┌──

(* Let $K$ be an alphabet space and $\sigma:K\to K^+$ a primitive generalized substitution. For every $\mathbf z\in X_\sigma$ and every $k\in\mathbb N$, the sequence $\mathbf z$ is a concatenation of $\sigma^k$-words, and $\mathbf z=S^i\sigma^k(\mathbf y)$ for some $i\ge0$ and some $\mathbf y\in X_\sigma$.
   Context: An alphabet space is a compact zero-dimensional metric space $K$ with at least two points; $K^+$ the nonempty finite words. A generalized substitution is a map $\sigma:K\to K^+$ with $a\mapsto|\sigma(a)|$ continuous and, for each $j$, $a\mapsto$ ($j$-th letter of $\sigma(a)$) continuous on $\{a:|\sigma(a)|\ge j\}$; it is extended to words by concatenation (and iterated) and to $K^{\mathbb Z}$ by concatenating the images with the image of $x_0$ starting at coordinate $0$. $\sigma$ is primitive if for every nonempty open $V\subset K$ there is $j$ such that for all $a$ and $k\ge j$ some letter of $\sigma^k(a)$ is in $V$. $\mathcal L(\sigma)$ is the set of words that are subwords of some $\sigma^j(a)$ or limits in $K^n$ of such words; $X_\sigma=\{\mathbf y\in K^{\mathbb Z}:\mathbf y[-n,n]\in\mathcal L(\sigma)\ \forall n\ge0\}$; $S$ is the shift $S(\mathbf y)_i=y_{i+1}$. A $\sigma^k$-word is a word $\sigma^k(a)$, $a\in K$; $\mathbf z$ is a concatenation of $\sigma^k$-words if there is a strictly increasing bi-infinite sequence of integers $(m_l)_{l\in\mathbb Z}$ with each $\mathbf z[m_l,m_{l+1}-1]$ a $\sigma^k$-word. *)

theory Defs
  imports "HOL-Analysis.Analysis" "HOL-Library.Sublist"
begin

definition alphabet_space :: "'a::metric_space set \<Rightarrow> bool" where
  "alphabet_space K \<longleftrightarrow> compact K \<and> (top_of_set K dim_le 0) \<and> (\<exists>a\<in>K. \<exists>b\<in>K. a \<noteq> b)"

definition gen_subst :: "'a::metric_space set \<Rightarrow> ('a \<Rightarrow> 'a list) \<Rightarrow> bool" where
  "gen_subst K \<sigma> \<longleftrightarrow>
     (\<forall>a\<in>K. \<sigma> a \<noteq> [] \<and> set (\<sigma> a) \<subseteq> K) \<and>
     continuous_on K (\<lambda>a. length (\<sigma> a)) \<and>
     (\<forall>j. continuous_on {a\<in>K. j < length (\<sigma> a)} (\<lambda>a. \<sigma> a ! j))"

definition subst_word :: "('a \<Rightarrow> 'a list) \<Rightarrow> 'a list \<Rightarrow> 'a list" where
  "subst_word \<sigma> w = concat (map \<sigma> w)"

definition subst_pow :: "('a \<Rightarrow> 'a list) \<Rightarrow> nat \<Rightarrow> 'a \<Rightarrow> 'a list" where
  "subst_pow \<sigma> k a = (subst_word \<sigma> ^^ k) [a]"

definition primitive :: "'a::metric_space set \<Rightarrow> ('a \<Rightarrow> 'a list) \<Rightarrow> bool" where
  "primitive K \<sigma> \<longleftrightarrow>
     (\<forall>V. openin (top_of_set K) V \<and> V \<noteq> {} \<longrightarrow>
        (\<exists>j. \<forall>a\<in>K. \<forall>k\<ge>j. \<exists>b\<in>set (subst_pow \<sigma> k a). b \<in> V))"

definition subst_factor :: "'a set \<Rightarrow> ('a \<Rightarrow> 'a list) \<Rightarrow> 'a list \<Rightarrow> bool" where
  "subst_factor K \<sigma> w \<longleftrightarrow> (\<exists>j. \<exists>a\<in>K. sublist w (subst_pow \<sigma> j a))"

definition lang :: "'a::metric_space set \<Rightarrow> ('a \<Rightarrow> 'a list) \<Rightarrow> 'a list set" where
  "lang K \<sigma> = {w. set w \<subseteq> K \<and>
     (subst_factor K \<sigma> w \<or>
      (\<exists>ws :: nat \<Rightarrow> 'a list. (\<forall>m. subst_factor K \<sigma> (ws m) \<and> length (ws m) = length w) \<and>
          (\<forall>i<length w. (\<lambda>m. ws m ! i) \<longlonglongrightarrow> w ! i)))}"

└──

• **Brief**
Gather each line of the listing containing the word "length" and show it.

• **Answer space**
     continuous_on K (\<lambda>a. length (\<sigma> a)) \<and>
     (\<forall>j. continuous_on {a\<in>K. j < length (\<sigma> a)} (\<lambda>a. \<sigma> a ! j))"
      (\<exists>ws :: nat \<Rightarrow> 'a list. (\<forall>m. subst_factor K \<sigma> (ws m) \<and> length (ws m) = length w) \<and>
          (\<forall>i<length w. (\<lambda>m. ws m ! i) \<longlonglongrightarrow> w ! i)))}"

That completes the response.